Activity
Output every entry exactly as written.

--- Extracted data Enclosed Below ---

lemma nondet_sat_singleton:
  assumes "nondet A" "q \<in> states A" "\<sigma> \<subseteq> alph A" "S \<subseteq> states A"
    and "sat (St ` S \<union> true_lits (alph A) \<sigma>) (trans A q)"
  obtains q' where "q' \<in> S" "sat ({St q'} \<union> true_lits (alph A) \<sigma>) (trans A q)"
proof -
  from assms(1)[unfolded nondet_def, rule_format, OF assms(2,3)] obtain D where
    D: "\<And>S'. S' \<subseteq> states A \<Longrightarrow> sat (St ` S' \<union> true_lits (alph A) \<sigma>) (trans A q) \<longleftrightarrow> S' \<inter> D \<noteq> {}"
    by blast
  from D[OF assms(4)] assms(5) obtain q' where "q' \<in> S" "q' \<in> D" by blast
  moreover from this have "sat (St ` {q'} \<union> true_lits (alph A) \<sigma>) (trans A q)"
    using D[of "{q'}"] assms(4) by blast
  ultimately show ?thesis using that by simp
qed

definition required_successors :: "('q, 'v) aba \<Rightarrow> 'q \<Rightarrow> 'v set \<Rightarrow> 'q set" where
  "required_successors A q \<sigma> = (SOME D. D \<subseteq> states A \<and>
     (\<forall>S \<subseteq> states A. sat (St ` S \<union> true_lits (alph A) \<sigma>) (trans A q) \<longleftrightarrow> D \<subseteq> S))"

lemma required_successors:
  assumes "universal A" "q \<in> states A" "\<sigma> \<subseteq> alph A"
  shows "required_successors A q \<sigma> \<subseteq> states A"
    and "S \<subseteq> states A \<Longrightarrow>
      sat (St ` S \<union> true_lits (alph A) \<sigma>) (trans A q) \<longleftrightarrow> required_successors A q \<sigma> \<subseteq> S"
proof -
  have "\<exists>D. D \<subseteq> states A \<and>
     (\<forall>S \<subseteq> states A. sat (St ` S \<union> true_lits (alph A) \<sigma>) (trans A q) \<longleftrightarrow> D \<subseteq> S)"
    using assms unfolding universal_def by blast
  from someI_ex[OF this] show "required_successors A q \<sigma> \<subseteq> states A"
    and "S \<subseteq> states A \<Longrightarrow>
      sat (St ` S \<union> true_lits (alph A) \<sigma>) (trans A q) \<longleftrightarrow> required_successors A q \<sigma> \<subseteq> S"
    unfolding required_successors_def by blast+
qed

lemma sat_trans_sw_all_required_successors:
  assumes "universal A" "p \<in> alph A" "q \<in> states A" "\<sigma> \<subseteq> alph A - {p}"
  shows "sat (St ` (required_successors A q (insert p \<sigma>) \<union> required_successors A q \<sigma>)
      \<union> true_lits (alph (sw_all p A)) \<sigma>) (trans (sw_all p A) q)"
proof -
  have letters: "insert p \<sigma> \<subseteq> alph A" "\<sigma> \<subseteq> alph A" "p \<notin> \<sigma>"
    using assms(2,4) by auto
  have "sat (St ` (required_successors A q (insert p \<sigma>) \<union> required_successors A q \<sigma>)
      \<union> true_lits (alph A) \<sigma>') (trans A q)" if "\<sigma>' \<in> {insert p \<sigma>, \<sigma>}" for \<sigma>'
    using that required_successors[OF assms(1,3) letters(1)] required_successors[OF assms(1,3) letters(2)]
    by auto
  then show ?thesis
    unfolding sat_trans_sw_all_iff[OF assms(2) letters(3)] by simp
qed

lemma universal_required_sequence_infinitely_accepting:
  assumes "universal A" "w \<in> lang A" "qs 0 = init A" "\<And>n. qs n \<in> states A"
    and "\<And>n. qs (Suc n) \<in> required_successors A (qs n) (w n)"
  shows "\<exists>\<^sub>\<infinity>n. qs n \<in> acc A"
proof -
  have w: "w n \<subseteq> alph A" for n
    using assms(2) unfolding lang_def by blast
  obtain T r where "is_run A w T r" "accepting A T r"
    using assms(2) unfolding lang_def by blast
  then show ?thesis
  proof (rule forced_state_sequence_infinitely_accepting)
    fix n S assume "S \<subseteq> states A" "sat (St ` S \<union> true_lits (alph A) (w n)) (trans A (qs n))"
    then show "qs (Suc n) \<in> S"
      using required_successors(2)[OF assms(1,4) w] assms(5) by blast
  qed (rule assms(3))
qed

lemma ex_lang_subset_lang_sw_ex:
  assumes "p \<in> alph A"
  shows "ex_lang p A \<subseteq> lang (sw_ex p A)"
proof
  fix w assume "w \<in> ex_lang p A"
  then obtain w' where w: "\<forall>k. w k \<subseteq> alph A - {p}" and w'_ext: "\<forall>k. w' k - {p} = w k"
    and "w' \<in> lang A"
    unfolding ex_lang_def by blast
  then obtain T r where run: "is_run A w' T r" and "accepting A T r"
    unfolding lang_def by blast
  have w'_eq: "w' k = (if p \<in> w' k then insert p (w k) else w k)" for k
    using w'_ext by auto
  have "sat (St ` successors T r x \<union> true_lits (alph (sw_ex p A)) (w (length x))) (trans (sw_ex p A) (r x))"
    if "x \<in> T" for x
  proof -
    have "sat (St ` successors T r x \<union> true_lits (alph A) (w' (length x))) (trans A (r x))"
      using run that unfolding is_run_iff_successors by blast
    then have "\<exists>b. sat (St ` successors T r x \<union>
        true_lits (alph A) (if b then insert p (w (length x)) else w (length x))) (trans A (r x))"
      by (subst (asm) w'_eq) blast
    moreover have "p \<notin> w (length x)" using w by blast
    ultimately show ?thesis using sat_trans_sw_ex_iff[OF assms] by blast
  qed
  with run have "is_run (sw_ex p A) w T r"
    unfolding is_run_iff_successors by simp
  moreover have "accepting (sw_ex p A) T r"
    using \<open>accepting A T r\<close> by (simp add: accepting_def)
  ultimately show "w \<in> lang (sw_ex p A)"
    using w unfolding lang_def by auto
qed

lemma lang_sw_all_subset_all_lang:
  assumes "p \<in> alph A"
  shows "lang (sw_all p A) \<subseteq> all_lang p A"
proof
  fix w assume "w \<in> lang (sw_all p A)"
  then obtain T r where w: "\<forall>k. w k \<subseteq> alph A - {p}" and run: "is_run (sw_all p A) w T r"
    and "accepting (sw_all p A) T r"
    unfolding lang_def by auto
  have "w' \<in> lang A" if w': "\<forall>k. w' k \<subseteq> alph A" and w'_ext: "\<forall>k. w' k - {p} = w k" for w'
  proof -
    have w'_eq: "w' k = (if p \<in> w' k then insert p (w k) else w k)" for k
      using w'_ext by auto
    have "sat (St ` successors T r x \<union> true_lits (alph A) (w' (length x))) (trans A (r x))"
      if "x \<in> T" for x
    proof -
      have "p \<notin> w (length x)" using w by blast
      moreover have "sat (St ` successors T r x \<union> true_lits (alph (sw_all p A)) (w (length x)))
          (trans (sw_all p A) (r x))"
        using run that unfolding is_run_iff_successors by blast
      ultimately show ?thesis
        using sat_trans_sw_all_iff[OF assms] by (subst w'_eq) blast
    qed
    with run have "is_run A w' T r"
      unfolding is_run_iff_successors by simp
    moreover have "accepting A T r"
      using \<open>accepting (sw_all p A) T r\<close> by (simp add: accepting_def)
    ultimately show ?thesis using w' unfolding lang_def by blast
  qed
  with w show "w \<in> all_lang p A"
    unfolding all_lang_def by auto
qed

--- End of Enclosed Extracted data ---

Solved exercise
lemma nondet_sat_singleton:
  assumes "nondet A" "q \<in> states A" "\<sigma> \<subseteq> alph A" "S \<subseteq> states A"
    and "sat (St ` S \<union> true_lits (alph A) \<sigma>) (trans A q)"
  obtains q' where "q' \<in> S" "sat ({St q'} \<union> true_lits (alph A) \<sigma>) (trans A q)"
proof -
  from assms(1)[unfolded nondet_def, rule_format, OF assms(2,3)] obtain D where
    D: "\<And>S'. S' \<subseteq> states A \<Longrightarrow> sat (St ` S' \<union> true_lits (alph A) \<sigma>) (trans A q) \<longleftrightarrow> S' \<inter> D \<noteq> {}"
    by blast
  from D[OF assms(4)] assms(5) obtain q' where "q' \<in> S" "q' \<in> D" by blast
  moreover from this have "sat (St ` {q'} \<union> true_lits (alph A) \<sigma>) (trans A q)"
    using D[of "{q'}"] assms(4) by blast
  ultimately show ?thesis using that by simp
qed

definition required_successors :: "('q, 'v) aba \<Rightarrow> 'q \<Rightarrow> 'v set \<Rightarrow> 'q set" where
  "required_successors A q \<sigma> = (SOME D. D \<subseteq> states A \<and>
     (\<forall>S \<subseteq> states A. sat (St ` S \<union> true_lits (alph A) \<sigma>) (trans A q) \<longleftrightarrow> D \<subseteq> S))"

lemma required_successors:
  assumes "universal A" "q \<in> states A" "\<sigma> \<subseteq> alph A"
  shows "required_successors A q \<sigma> \<subseteq> states A"
    and "S \<subseteq> states A \<Longrightarrow>
      sat (St ` S \<union> true_lits (alph A) \<sigma>) (trans A q) \<longleftrightarrow> required_successors A q \<sigma> \<subseteq> S"
proof -
  have "\<exists>D. D \<subseteq> states A \<and>
     (\<forall>S \<subseteq> states A. sat (St ` S \<union> true_lits (alph A) \<sigma>) (trans A q) \<longleftrightarrow> D \<subseteq> S)"
    using assms unfolding universal_def by blast
  from someI_ex[OF this] show "required_successors A q \<sigma> \<subseteq> states A"
    and "S \<subseteq> states A \<Longrightarrow>
      sat (St ` S \<union> true_lits (alph A) \<sigma>) (trans A q) \<longleftrightarrow> required_successors A q \<sigma> \<subseteq> S"
    unfolding required_successors_def by blast+
qed

lemma sat_trans_sw_all_required_successors:
  assumes "universal A" "p \<in> alph A" "q \<in> states A" "\<sigma> \<subseteq> alph A - {p}"
  shows "sat (St ` (required_successors A q (insert p \<sigma>) \<union> required_successors A q \<sigma>)
      \<union> true_lits (alph (sw_all p A)) \<sigma>) (trans (sw_all p A) q)"
proof -
  have letters: "insert p \<sigma> \<subseteq> alph A" "\<sigma> \<subseteq> alph A" "p \<notin> \<sigma>"
    using assms(2,4) by auto
  have "sat (St ` (required_successors A q (insert p \<sigma>) \<union> required_successors A q \<sigma>)
      \<union> true_lits (alph A) \<sigma>') (trans A q)" if "\<sigma>' \<in> {insert p \<sigma>, \<sigma>}" for \<sigma>'
    using that required_successors[OF assms(1,3) letters(1)] required_successors[OF assms(1,3) letters(2)]
    by auto
  then show ?thesis
    unfolding sat_trans_sw_all_iff[OF assms(2) letters(3)] by simp
qed

lemma universal_required_sequence_infinitely_accepting:
  assumes "universal A" "w \<in> lang A" "qs 0 = init A" "\<And>n. qs n \<in> states A"
    and "\<And>n. qs (Suc n) \<in> required_successors A (qs n) (w n)"
  shows "\<exists>\<^sub>\<infinity>n. qs n \<in> acc A"
proof -
  have w: "w n \<subseteq> alph A" for n
    using assms(2) unfolding lang_def by blast
  obtain T r where "is_run A w T r" "accepting A T r"
    using assms(2) unfolding lang_def by blast
  then show ?thesis
  proof (rule forced_state_sequence_infinitely_accepting)
    fix n S assume "S \<subseteq> states A" "sat (St ` S \<union> true_lits (alph A) (w n)) (trans A (qs n))"
    then show "qs (Suc n) \<in> S"
      using required_successors(2)[OF assms(1,4) w] assms(5) by blast
  qed (rule assms(3))
qed

lemma ex_lang_subset_lang_sw_ex:
  assumes "p \<in> alph A"
  shows "ex_lang p A \<subseteq> lang (sw_ex p A)"
proof
  fix w assume "w \<in> ex_lang p A"
  then obtain w' where w: "\<forall>k. w k \<subseteq> alph A - {p}" and w'_ext: "\<forall>k. w' k - {p} = w k"
    and "w' \<in> lang A"
    unfolding ex_lang_def by blast
  then obtain T r where run: "is_run A w' T r" and "accepting A T r"
    unfolding lang_def by blast
  have w'_eq: "w' k = (if p \<in> w' k then insert p (w k) else w k)" for k
    using w'_ext by auto
  have "sat (St ` successors T r x \<union> true_lits (alph (sw_ex p A)) (w (length x))) (trans (sw_ex p A) (r x))"
    if "x \<in> T" for x
  proof -
    have "sat (St ` successors T r x \<union> true_lits (alph A) (w' (length x))) (trans A (r x))"
      using run that unfolding is_run_iff_successors by blast
    then have "\<exists>b. sat (St ` successors T r x \<union>
        true_lits (alph A) (if b then insert p (w (length x)) else w (length x))) (trans A (r x))"
      by (subst (asm) w'_eq) blast
    moreover have "p \<notin> w (length x)" using w by blast
    ultimately show ?thesis using sat_trans_sw_ex_iff[OF assms] by blast
  qed
  with run have "is_run (sw_ex p A) w T r"
    unfolding is_run_iff_successors by simp
  moreover have "accepting (sw_ex p A) T r"
    using \<open>accepting A T r\<close> by (simp add: accepting_def)
  ultimately show "w \<in> lang (sw_ex p A)"
    using w unfolding lang_def by auto
qed

lemma lang_sw_all_subset_all_lang:
  assumes "p \<in> alph A"
  shows "lang (sw_all p A) \<subseteq> all_lang p A"
proof
  fix w assume "w \<in> lang (sw_all p A)"
  then obtain T r where w: "\<forall>k. w k \<subseteq> alph A - {p}" and run: "is_run (sw_all p A) w T r"
    and "accepting (sw_all p A) T r"
    unfolding lang_def by auto
  have "w' \<in> lang A" if w': "\<forall>k. w' k \<subseteq> alph A" and w'_ext: "\<forall>k. w' k - {p} = w k" for w'
  proof -
    have w'_eq: "w' k = (if p \<in> w' k then insert p (w k) else w k)" for k
      using w'_ext by auto
    have "sat (St ` successors T r x \<union> true_lits (alph A) (w' (length x))) (trans A (r x))"
      if "x \<in> T" for x
    proof -
      have "p \<notin> w (length x)" using w by blast
      moreover have "sat (St ` successors T r x \<union> true_lits (alph (sw_all p A)) (w (length x)))
          (trans (sw_all p A) (r x))"
        using run that unfolding is_run_iff_successors by blast
      ultimately show ?thesis
        using sat_trans_sw_all_iff[OF assms] by (subst w'_eq) blast
    qed
    with run have "is_run A w' T r"
      unfolding is_run_iff_successors by simp
    moreover have "accepting A T r"
      using \<open>accepting (sw_all p A) T r\<close> by (simp add: accepting_def)
    ultimately show ?thesis using w' unfolding lang_def by blast
  qed
  with w show "w \<in> all_lang p A"
    unfolding all_lang_def by auto
qed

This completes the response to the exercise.